lemma m_number_eqI:
  assumes "1 \<le> k" "property_M V E k" "\<And>j. 1 \<le> j \<Longrightarrow> j < k \<Longrightarrow> \<not> property_M V E j"
  shows "m_number V E = k"
  unfolding m_number_def using assms by (intro Least_equality) (auto simp flip: not_less)

lemma cmp_vertices_1_s_t:
  "cmp_vertices [1, s, t] = insert (0, 0) ({(1, j) | j. j < s} \<union> {(2, j) | j. j < t})"
  by (auto simp: cmp_vertices_def less_Suc_eq numeral_eq_Suc)

lemma property_M_3_K_1_s_t:
  assumes "s \<ge> 1"
  shows "property_M (cmp_vertices [1, s, t]) cmp_adj 3"
proof -
  have "property_M (cmp_vertices [1, s, t] - {(0, 0)}) cmp_adj 2"
    by (rule complete_bipartite_property_M_2[where side = "\<lambda>v. fst v = 1"])
      (use assms in \<open>unfold cmp_vertices_1_s_t, auto simp: cmp_adj_def Suc_le_eq\<close>)
  then have "property_M (cmp_vertices [1, s, t]) cmp_adj (Suc 2)"
    by (rule property_M_Suc_universal_vertex[rotated 3])
      (unfold cmp_vertices_1_s_t, auto simp: cmp_adj_def)
  then show ?thesis
    by simp
qed

lemma uniquely_2_list_colorable_K_1_s_t:
  assumes "s \<ge> 1" "t \<ge> 1" "max s t \<ge> 2"
  shows "uniquely_k_list_colorable (cmp_vertices [1, s, t]) cmp_adj 2"
proof (cases "s \<ge> 2")
  case True
  then show ?thesis
    by (intro complete_tripartite_uniquely_2_list_colorable[where part = fst
          and a = "(0, 0)" and w = "(2, 0)" and b = "(1, 0)" and b' = "(1, 1)"])
      (use assms in \<open>unfold cmp_vertices_1_s_t, auto simp: cmp_adj_def\<close>)
next
  case False
  then have "t \<ge> 2"
    using assms(3) by linarith
  then show ?thesis
    by (intro complete_tripartite_uniquely_2_list_colorable
          [where part = "\<lambda>v. if fst v = 0 then 0 else 3 - fst v"
          and a = "(0, 0)" and w = "(1, 0)" and b = "(2, 0)" and b' = "(2, 1)"])
      (use assms in \<open>unfold cmp_vertices_1_s_t, auto simp: cmp_adj_def\<close>)
qed
lemma pos_def_quadratic_lower_bound:
  fixes A :: "real^'n^'n"
  assumes "\<And>x. x \<noteq> 0 \<Longrightarrow> 0 < x \<bullet> (A *v x)"
  shows "\<exists>m>0. \<forall>u. m * (norm u)\<^sup>2 \<le> u \<bullet> (A *v u)"
proof -
  have "sphere (0::real^'n) 1 \<noteq> {}"
    by (metis empty_iff mem_sphere_0 norm_axis_1)
  moreover have "continuous_on (sphere 0 1) (\<lambda>u. u \<bullet> (A *v u))"
    by (intro continuous_intros)
  ultimately obtain x where x: "x \<in> sphere 0 1"
    and x_min: "\<And>u. u \<in> sphere 0 1 \<Longrightarrow> x \<bullet> (A *v x) \<le> u \<bullet> (A *v u)"
    using continuous_attains_inf[OF compact_sphere] by blast
  have "\<forall>u. x \<bullet> (A *v x) * (norm u)\<^sup>2 \<le> u \<bullet> (A *v u)"
  proof
    fix u :: "real^'n"
    show "x \<bullet> (A *v x) * (norm u)\<^sup>2 \<le> u \<bullet> (A *v u)"
    proof (cases "u = 0")
      case False
      then have "x \<bullet> (A *v x) \<le> (u /\<^sub>R norm u) \<bullet> (A *v (u /\<^sub>R norm u))"
        by (intro x_min) simp
      also have "\<dots> = (u \<bullet> (A *v u)) / (norm u)\<^sup>2"
        using False by (simp add: matrix_vector_mult_scaleR field_simps power2_eq_square)
      finally show ?thesis
        using False by (simp add: pos_le_divide_eq)
    qed simp
  qed
  moreover have "0 < x \<bullet> (A *v x)"
    using x by (intro assms) auto
  ultimately show ?thesis by blast
qed

lemma abs_quadratic_form_le:
  fixes A :: "real^'n^'m" and u :: "real^'m" and w :: "real^'n"
  shows "\<bar>u \<bullet> (A *v w)\<bar> \<le> (\<Sum>i\<in>UNIV. \<Sum>j\<in>UNIV. \<bar>A $ i $ j\<bar>) * norm u * norm w"
proof -
  have "\<bar>u \<bullet> (A *v w)\<bar> \<le> norm u * norm (A *v w)"
    by (rule Cauchy_Schwarz_ineq2)
  also have "norm (A *v w) \<le> onorm ((*v) A) * norm w"
    by (rule onorm[OF matrix_vector_mul_bounded_linear])
  also have "onorm ((*v) A) \<le> (\<Sum>i\<in>UNIV. \<Sum>j\<in>UNIV. \<bar>A $ i $ j\<bar>)"
    by (rule onorm_le_matrix_component_sum)
  finally show ?thesis
    by (simp add: mult_ac mult_left_mono mult_right_mono)
qed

WHAT IS REQUIRED> Whenever a line of the data includes "assms", copy that line.

EXPECTED ANSWER>
  unfolding m_number_def using assms by (intro Least_equality) (auto simp flip: not_less)
      (use assms in \<open>unfold cmp_vertices_1_s_t, auto simp: cmp_adj_def Suc_le_eq\<close>)
      (use assms in \<open>unfold cmp_vertices_1_s_t, auto simp: cmp_adj_def\<close>)
    using assms(3) by linarith
      (use assms in \<open>unfold cmp_vertices_1_s_t, auto simp: cmp_adj_def\<close>)
    using x by (intro assms) auto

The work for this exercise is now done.